原来是关心自己难不难过!
季娆无奈失笑,道:“我为什么要难过?血缘关系上,他是我爹,但他真心待我好过么?”
即便是对原主来说,那也不过是生物学父亲罢了。
她冷哼,道:“季镇岳是什么东西,跟秦氏在一起,却又娶我娘,这算对得起秦氏吗?”
“娶了我娘,又惦记着秦氏,跟秦氏搞在一起,这算对得起我娘吗?”
“我还在我娘肚子里,他已经跟秦氏搞得火热,搞出了季婵雨。”
“我生下来,他肯定忙着心疼秦氏孕后期,之后季婵雨出生,季婵雨只比我小几个月。”
“他把所有的偏爱,都给了秦氏和秦氏生的孩子,会多看我一眼么?”
“他甚至设局杀妻,都要杀妻了,那个不得他所爱的妻子生的女儿,在他眼里是不是就是个孽种?”
说到这里,她脸上那层薄薄的笑仿佛被雾气笼罩,缥缈又薄情:“男人的心在哪里、爱就在哪里、钱就在哪里……”
“他恨不得我死,我……”
她抬头,对上季镇岳的眼眸:“也恨不得他死!”
萧砺渊沉默。
他不知道是一种什么心情。
别看她表面上娇娇娆娆,跟人好得能穿一条裤子,但他是看出来了,她本质上是一个非常凉薄的人。
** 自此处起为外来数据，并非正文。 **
(* Let $M$ be a finite abelian group of order $m$, $J$ a Jacobi function on $M$, $c\in\hat{M}$ with $c^2=1$, and $i\colon\hat{M}\setminus\{c\}\to\hat{M}\setminus\{1\}$ a bijection with $i(x)=x\,i(x^{-1})$ for all $x\ne c$, such that $J(\alpha,\beta)=\frac{1}{m}\sum_{x\in\hat{M}\setminus\{c\}}\alpha(i(x))\beta(i(x)x^{-1})$ for all $\alpha,\beta\in M$. Let $F=\hat{M}\sqcup\{0\}$ with the operation $\oplus$ for which $0$ is the identity and, for $x,y\ne0$, $x\oplus y=0$ if $x=cy$ and $x\oplus y=x\,i(x/y)^{-1}$ otherwise. Then $\oplus$ is associative on $F$.
   Context: $\hat{M}$ is the Pontryagin dual of $M$, written multiplicatively with identity $1$; for $\alpha\in M$, $x\in\hat{M}$, $\alpha(x)$ is the value of the character $x$ at $\alpha$. $\delta(\alpha)=1$ if $\alpha$ is the identity of $M$ and $0$ otherwise. A Jacobi function on $M$ is a function $J\colon M\times M\to\mathbf{C}$ satisfying: (A) $J(\alpha,\beta)=J(\beta,\alpha)$; (B) with $J^*(\alpha,\beta)=-\delta(\alpha)-\delta(\beta)+J(\alpha,\beta)$, $J^*(\alpha,\beta)J^*(\alpha\beta,\gamma)=J^*(\alpha,\beta\gamma)J^*(\beta,\gamma)$; (C) $\sum_{\beta\in M}J(\alpha_1\beta,\alpha_2\beta^{-1})J(\alpha_3\beta,\alpha_4\beta^{-1})=J(\alpha_1\alpha_4,\alpha_2\alpha_3)$; all for all elements of $M$. *)

theory Defs
  imports Complex_Main
begin

text \<open>The finite abelian group M is modelled as a finite type of class ab_group_add
  (written additively: identity 0, product \<alpha>\<beta> is \<alpha> + \<beta>, inverse is uminus).\<close>

definition character :: "('a::ab_group_add \<Rightarrow> complex) \<Rightarrow> bool" where
  "character \<chi> \<longleftrightarrow> (\<forall>a b. \<chi> (a + b) = \<chi> a * \<chi> b) \<and> \<chi> 0 = 1"

definition dual :: "('a::ab_group_add \<Rightarrow> complex) set" where
  "dual = {\<chi>. character \<chi>}"

definition char_mult :: "('a \<Rightarrow> complex) \<Rightarrow> ('a \<Rightarrow> complex) \<Rightarrow> ('a \<Rightarrow> complex)" where
  "char_mult x y = (\<lambda>a. x a * y a)"

definition char_one :: "'a \<Rightarrow> complex" where
  "char_one = (\<lambda>a. 1)"

definition char_inv :: "('a \<Rightarrow> complex) \<Rightarrow> ('a \<Rightarrow> complex)" where
  "char_inv x = (\<lambda>a. inverse (x a))"

definition kdelta :: "'a::zero \<Rightarrow> complex" where
  "kdelta a = (if a = 0 then 1 else 0)"

definition Jstar :: "('a::zero \<Rightarrow> 'a \<Rightarrow> complex) \<Rightarrow> 'a \<Rightarrow> 'a \<Rightarrow> complex" where
  "Jstar J a b = - kdelta a - kdelta b + J a b"

definition jacobi_function :: "('a::{finite,ab_group_add} \<Rightarrow> 'a \<Rightarrow> complex) \<Rightarrow> bool" where
  "jacobi_function J \<longleftrightarrow>
     (\<forall>a b. J a b = J b a) \<and>
     (\<forall>a b g. Jstar J a b * Jstar J (a + b) g = Jstar J a (b + g) * Jstar J b g) \<and>
     (\<forall>a1 a2 a3 a4. (\<Sum>b\<in>UNIV. J (a1 + b) (a2 - b) * J (a3 + b) (a4 - b)) = J (a1 + a4) (a2 + a3))"

text \<open>F = dual \<squnion> {0}, with None playing the role of the adjoined element 0.\<close>

definition Fset :: "('a::ab_group_add \<Rightarrow> complex) option set" where
  "Fset = {None} \<union> Some ` dual"

fun oplus :: "('a \<Rightarrow> complex) \<Rightarrow> (('a \<Rightarrow> complex) \<Rightarrow> ('a \<Rightarrow> complex))
     \<Rightarrow> ('a \<Rightarrow> complex) option \<Rightarrow> ('a \<Rightarrow> complex) option \<Rightarrow> ('a \<Rightarrow> complex) option" where
  "oplus c i None y = y"
| "oplus c i (Some x) None = Some x"
| "oplus c i (Some x) (Some y) =
     (if x = char_mult c y then None
      else Some (char_mult x (char_inv (i (char_mult x (char_inv y))))))"

end

(* With J*(x,y) = J(x,y) - delta(x) - delta(y), the Fourier formula for J makes the character
   transform of J* explicit: for characters a, b and m = |M|,
     sum over x, y of J*(x,y) a(x)^-1 b(y)^-1 = m ([a \<oplus> b = 1] - [a = 1] - [b = 1]).
   Transforming both sides of the cocycle identity (B) against characters a, b, w in the three
   group variables and using multiplicativity of characters, the left side becomes
   m ([(a \<oplus> b) \<oplus> w = 1] - E) and the right side m ([a \<oplus> (b \<oplus> w) = 1] - E), with the same
   term E, symmetric in a, b, w. Hence (a \<oplus> b) \<oplus> w = 1 iff a \<oplus> (b \<oplus> w) = 1, and since \<oplus>
   commutes with multiplication by a character, the two sides agree for every value. *)

theory Submission
  imports Defs "HOL-Library.Cardinality"
begin

section \<open>Characters of a finite abelian group\<close>

lemma dual_add: "\<chi> \<in> dual \<Longrightarrow> \<chi> (a + b) = \<chi> a * \<chi> b"
  by (simp add: dual_def character_def)

lemma dual_zero: "\<chi> \<in> dual \<Longrightarrow> \<chi> 0 = 1"
  by (simp add: dual_def character_def)

lemma dual_mult_minus: "\<chi> \<in> dual \<Longrightarrow> \<chi> a * \<chi> (- a) = 1"
  by (metis dual_add dual_zero right_minus)

lemma dual_nonzero: "\<chi> \<in> dual \<Longrightarrow> \<chi> a \<noteq> 0"
  by (metis dual_mult_minus mult_zero_left zero_neq_one)

lemma dual_minus: "\<chi> \<in> dual \<Longrightarrow> \<chi> (- a) = inverse (\<chi> a)"
  by (metis dual_mult_minus inverse_unique)

definition char_div :: "('a \<Rightarrow> complex) \<Rightarrow> ('a \<Rightarrow> complex) \<Rightarrow> 'a \<Rightarrow> complex" where
  "char_div x y = char_mult x (char_inv y)"

lemma char_mult_in_dual: "x \<in> dual \<Longrightarrow> y \<in> dual \<Longrightarrow> char_mult x y \<in> dual"
  by (simp add: dual_def character_def char_mult_def)

lemma char_inv_in_dual: "x \<in> dual \<Longrightarrow> char_inv x \<in> dual"
  by (simp add: dual_def character_def char_inv_def)

lemma char_one_in_dual: "char_one \<in> dual"
  by (simp add: dual_def character_def char_one_def)

lemma char_div_in_dual: "x \<in> dual \<Longrightarrow> y \<in> dual \<Longrightarrow> char_div x y \<in> dual"
  by (simp add: char_div_def char_mult_in_dual char_inv_in_dual)

lemma char_mult_commute: "char_mult x y = char_mult y x"
  by (simp add: char_mult_def fun_eq_iff mult.commute)

lemma char_mult_one [simp]: "char_mult char_one x = x"
  by (simp add: char_mult_def char_one_def)

lemma char_mult_div_cancel: "y \<in> dual \<Longrightarrow> char_mult y (char_div x y) = x"
  by (simp add: fun_eq_iff char_div_def char_mult_def char_inv_def dual_nonzero)

lemma char_div_mult_cancel: "y \<in> dual \<Longrightarrow> char_div (char_mult x y) y = x"
  by (simp add: fun_eq_iff char_div_def char_mult_def char_inv_def dual_nonzero)

lemma char_div_div_cancel: "x \<in> dual \<Longrightarrow> y \<in> dual \<Longrightarrow> char_div x (char_div x y) = y"
  by (simp add: fun_eq_iff char_div_def char_mult_def char_inv_def dual_nonzero)

lemma char_div_left_cancel: "x \<in> dual \<Longrightarrow> char_div (char_div x t) x = char_inv t"
  by (simp add: fun_eq_iff char_div_def char_mult_def char_inv_def dual_nonzero)

lemma char_inv_eq_char_div_iff:
  assumes t: "t \<in> dual" and v: "v \<in> dual" and w: "w \<in> dual"
  shows "char_inv t = char_div w v \<longleftrightarrow> t = char_div v w"
proof -
  have "inverse (t x) = w x * inverse (v x) \<longleftrightarrow> t x = v x * inverse (w x)" for x
    using t v w by (auto simp: dual_nonzero field_simps)
  then show ?thesis
    by (simp add: fun_eq_iff char_div_def char_mult_def char_inv_def)
qed

lemma char_div_eq_iff: "y \<in> dual \<Longrightarrow> char_div x y = z \<longleftrightarrow> x = char_mult z y"
  by (auto simp: fun_eq_iff char_div_def char_mult_def char_inv_def dual_nonzero field_simps)

lemma dual_power_card:
  assumes \<chi>: "\<chi> \<in> (dual :: ('a::{finite,ab_group_add} \<Rightarrow> complex) set)"
  shows "\<chi> a ^ CARD('a) = 1"
proof -
  have "(\<Prod>b\<in>UNIV. \<chi> b) * \<chi> a ^ CARD('a) = (\<Prod>b\<in>UNIV. \<chi> (b + a))"
    using \<chi> by (simp add: dual_add prod.distrib)
  also have "\<dots> = (\<Prod>b\<in>UNIV. \<chi> b)"
    by (rule prod.reindex_bij_witness[of _ "\<lambda>b. b - a" "\<lambda>b. b + a"]) auto
  finally show ?thesis
    using \<chi> by (simp add: dual_nonzero)
qed

lemma finite_dual: "finite (dual :: ('a::{finite,ab_group_add} \<Rightarrow> complex) set)"
proof (rule finite_subset)
  let ?roots = "{z::complex. z ^ CARD('a) = 1}"
  show "dual \<subseteq> {f. \<forall>a. (a \<in> (UNIV :: 'a set) \<longrightarrow> f a \<in> ?roots) \<and> (a \<notin> UNIV \<longrightarrow> f a = 0)}"
    by (auto simp: dual_power_card)
  show "finite {f. \<forall>a. (a \<in> (UNIV :: 'a set) \<longrightarrow> f a \<in> ?roots) \<and> (a \<notin> UNIV \<longrightarrow> f a = 0)}"
    by (intro finite_set_of_finite_funs finite_roots_unity) auto
qed

lemma sum_dual:
  assumes \<chi>: "\<chi> \<in> (dual :: ('a::{finite,ab_group_add} \<Rightarrow> complex) set)"
  shows "(\<Sum>a\<in>UNIV. \<chi> a) = of_nat CARD('a) * of_bool (\<chi> = char_one)"
proof (cases "\<chi> = char_one")
  case False
  then obtain a where a: "\<chi> a \<noteq> 1"
    by (auto simp: char_one_def fun_eq_iff)
  have "(\<Sum>b\<in>UNIV. \<chi> b) * \<chi> a = (\<Sum>b\<in>UNIV. \<chi> (b + a))"
    using \<chi> by (simp add: dual_add sum_distrib_right)
  also have "\<dots> = (\<Sum>b\<in>UNIV. \<chi> b)"
    by (rule sum.reindex_bij_witness[of _ "\<lambda>b. b - a" "\<lambda>b. b + a"]) auto
  finally have "(\<Sum>b\<in>UNIV. \<chi> b) * (\<chi> a - 1) = 0"
    by (simp add: algebra_simps)
  with a False show ?thesis by simp
qed (simp add: char_one_def)

lemma dual_orthogonality:
  assumes "\<chi> \<in> (dual :: ('a::{finite,ab_group_add} \<Rightarrow> complex) set)" and "\<psi> \<in> dual"
  shows "(\<Sum>a\<in>UNIV. \<chi> a * inverse (\<psi> a)) = of_nat CARD('a) * of_bool (\<chi> = \<psi>)"
  using sum_dual[OF char_div_in_dual[OF assms]] char_div_eq_iff[OF assms(2), of \<chi> char_one]
  by (simp add: char_div_def char_mult_def char_inv_def char_one_def)

lemma sum_inverse_dual:
  assumes "\<psi> \<in> (dual :: ('a::{finite,ab_group_add} \<Rightarrow> complex) set)"
  shows "(\<Sum>a\<in>UNIV. inverse (\<psi> a)) = of_nat CARD('a) * of_bool (\<psi> = char_one)"
  using dual_orthogonality[OF char_one_in_dual assms] by (auto simp: char_one_def)

lemma sum_kdelta: "(\<Sum>b\<in>UNIV. kdelta b * f b) = f (0 :: 'a::{finite,zero})"
proof -
  have "(\<Sum>b\<in>UNIV. kdelta b * f b) = (\<Sum>b\<in>UNIV. if b = 0 then f b else 0)"
    by (rule sum.cong) (simp_all add: kdelta_def)
  then show ?thesis by simp
qed

lemma sum_reverse3: "(\<Sum>x\<in>A. \<Sum>y\<in>B. \<Sum>z\<in>C. f x y z) = (\<Sum>z\<in>C. \<Sum>y\<in>B. \<Sum>x\<in>A. f x y z)"
proof -
  have "(\<Sum>x\<in>A. \<Sum>y\<in>B. \<Sum>z\<in>C. f x y z) = (\<Sum>x\<in>A. \<Sum>z\<in>C. \<Sum>y\<in>B. f x y z)"
    by (rule sum.cong[OF refl]) (rule sum.swap)
  also have "\<dots> = (\<Sum>z\<in>C. \<Sum>x\<in>A. \<Sum>y\<in>B. f x y z)"
    by (rule sum.swap)
  also have "\<dots> = (\<Sum>z\<in>C. \<Sum>y\<in>B. \<Sum>x\<in>A. f x y z)"
    by (rule sum.cong[OF refl]) (rule sum.swap)
  finally show ?thesis .
qed

lemma sum_kdelta_add: "(\<Sum>y\<in>UNIV. f y * kdelta (x + y)) = f (- x :: 'a::{finite,ab_group_add})"
proof -
  have "(\<Sum>y\<in>UNIV. f y * kdelta (x + y)) = (\<Sum>y\<in>UNIV. if y = - x then f y else 0)"
    by (rule sum.cong) (auto simp: kdelta_def add_eq_0_iff)
  then show ?thesis by simp
qed

lemma sum_of_bool_eq_point:
  "finite A \<Longrightarrow> (\<Sum>t\<in>A. of_bool (t = v) :: 'c::semiring_1) = of_bool (v \<in> A)"
  by (simp add: of_bool_def)

lemma sum_expansion_orthogonality:
  fixes h :: "'b \<Rightarrow> 'a::{finite,ab_group_add} \<Rightarrow> complex"
  assumes "finite T" and "\<And>t. t \<in> T \<Longrightarrow> h t \<in> dual" and "w \<in> dual"
  shows "(\<Sum>z\<in>UNIV. (\<Sum>t\<in>T. g t * h t z) * inverse (w z)) =
    of_nat CARD('a) * (\<Sum>t\<in>T. of_bool (h t = w) * g t)"
proof -
  have "(\<Sum>z\<in>UNIV. (\<Sum>t\<in>T. g t * h t z) * inverse (w z)) =
      (\<Sum>t\<in>T. g t * (\<Sum>z\<in>UNIV. h t z * inverse (w z)))"
    by (simp add: sum_distrib_left sum_distrib_right mult.assoc sum.swap[of _ UNIV])
  also have "\<dots> = (\<Sum>t\<in>T. g t * (of_nat CARD('a) * of_bool (h t = w)))"
    using assms by (intro sum.cong) (simp_all add: dual_orthogonality)
  also have "\<dots> = of_nat CARD('a) * (\<Sum>t\<in>T. of_bool (h t = w) * g t)"
    by (simp add: sum_distrib_left mult_ac)
  finally show ?thesis .
qed

section \<open>Functions given by a character expansion\<close>

definition pair_count :: "'b set \<Rightarrow> ('b \<Rightarrow> 'c) \<Rightarrow> ('b \<Rightarrow> 'c) \<Rightarrow> 'c \<Rightarrow> 'c \<Rightarrow> complex" where
  "pair_count T p q u v = (\<Sum>t\<in>T. of_bool (p t = u \<and> q t = v))"

definition jstar_coeff ::
    "'b set \<Rightarrow> ('b \<Rightarrow> 'a \<Rightarrow> complex) \<Rightarrow> ('b \<Rightarrow> 'a \<Rightarrow> complex) \<Rightarrow> ('a \<Rightarrow> complex) \<Rightarrow> ('a \<Rightarrow> complex) \<Rightarrow> complex"
  where "jstar_coeff T p q u v =
    pair_count T p q u v - of_bool (u = char_one) - of_bool (v = char_one)"

lemma jstar_coeff_swap: "jstar_coeff T q p u v = jstar_coeff T p q v u"
  by (simp add: jstar_coeff_def pair_count_def conj_commute)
嘴上说着恨,其实并没有多恨季镇岳,但她会把所有仇敌都往死里弄!
一个恨都不强烈的人,那她是否会爱人?
这样的一个人,若是真心诚意对待一个人,是否非常纯粹?
而她刚才说:男人的心在哪里,钱就会在哪里。
他不是都把资产给她了吗?
那她为何什么也看不到?
“我怀孕的事也公开了,剩下没什么事了吧?”季娆转移了话题,继续吃吃吃。
萧砺渊回过神来,道:“永昌侯府陷落,将军府应该会很忙吧?”
果然如他所想,季娆十分凉薄地道:“哦,那跟我没什么关系。遇上这种事,正是锻炼他们心性的好时机。如果自己弄不明白,那我也没招了。”
“本王还以为,你做这么多铺垫,会扶持他们一把。”萧砺渊心里也有点凉。
利用完了之后,就一脚踢开,是这意思吗?
如果他没有利用价值以后,她是不是也会如此?
好像……
是的!
季娆哼笑,道:“你身为我婆家人,难道还希望我是个扶弟魔?”
她咽下嘴里的食物,喝了一口奶茶,又道:“倘若他们连自己站起来的勇气都没有,我管天管地,还能管他们吃饭放屁?”
萧砺渊唇角一抽。
不过,话糙理不糙。
“再说了……”季娆又道:“我也跟祖母与姑母放话了,有他们搞不定的、且我能帮得上的,可以来找我。所以,我最多做个引路人,路还是得靠他们自己走,总不能我背着他们前行吧?”
“你说的是对的。”萧砺渊觉得她凉薄的同时,又忍不住认可她的说法正确。
人不可能永远依附他人生存,万一依附的这个人死了呢?
他历来不爱动脑筋,有鹤林就够了。
而萧鹤林没了,他岂不就……
看着她又喝了一口奶茶,他扫了一眼那个茶壶,心里痒痒。
他也想喝。
但,萧鹤林不喜甜食,他不能喝!
只能喝了一口汤,转换了话题:“五月十三日,是皇上的诞辰。届时,本王会下令赦免,姜家人就可以回来了。你看你还需要做些什么准备?”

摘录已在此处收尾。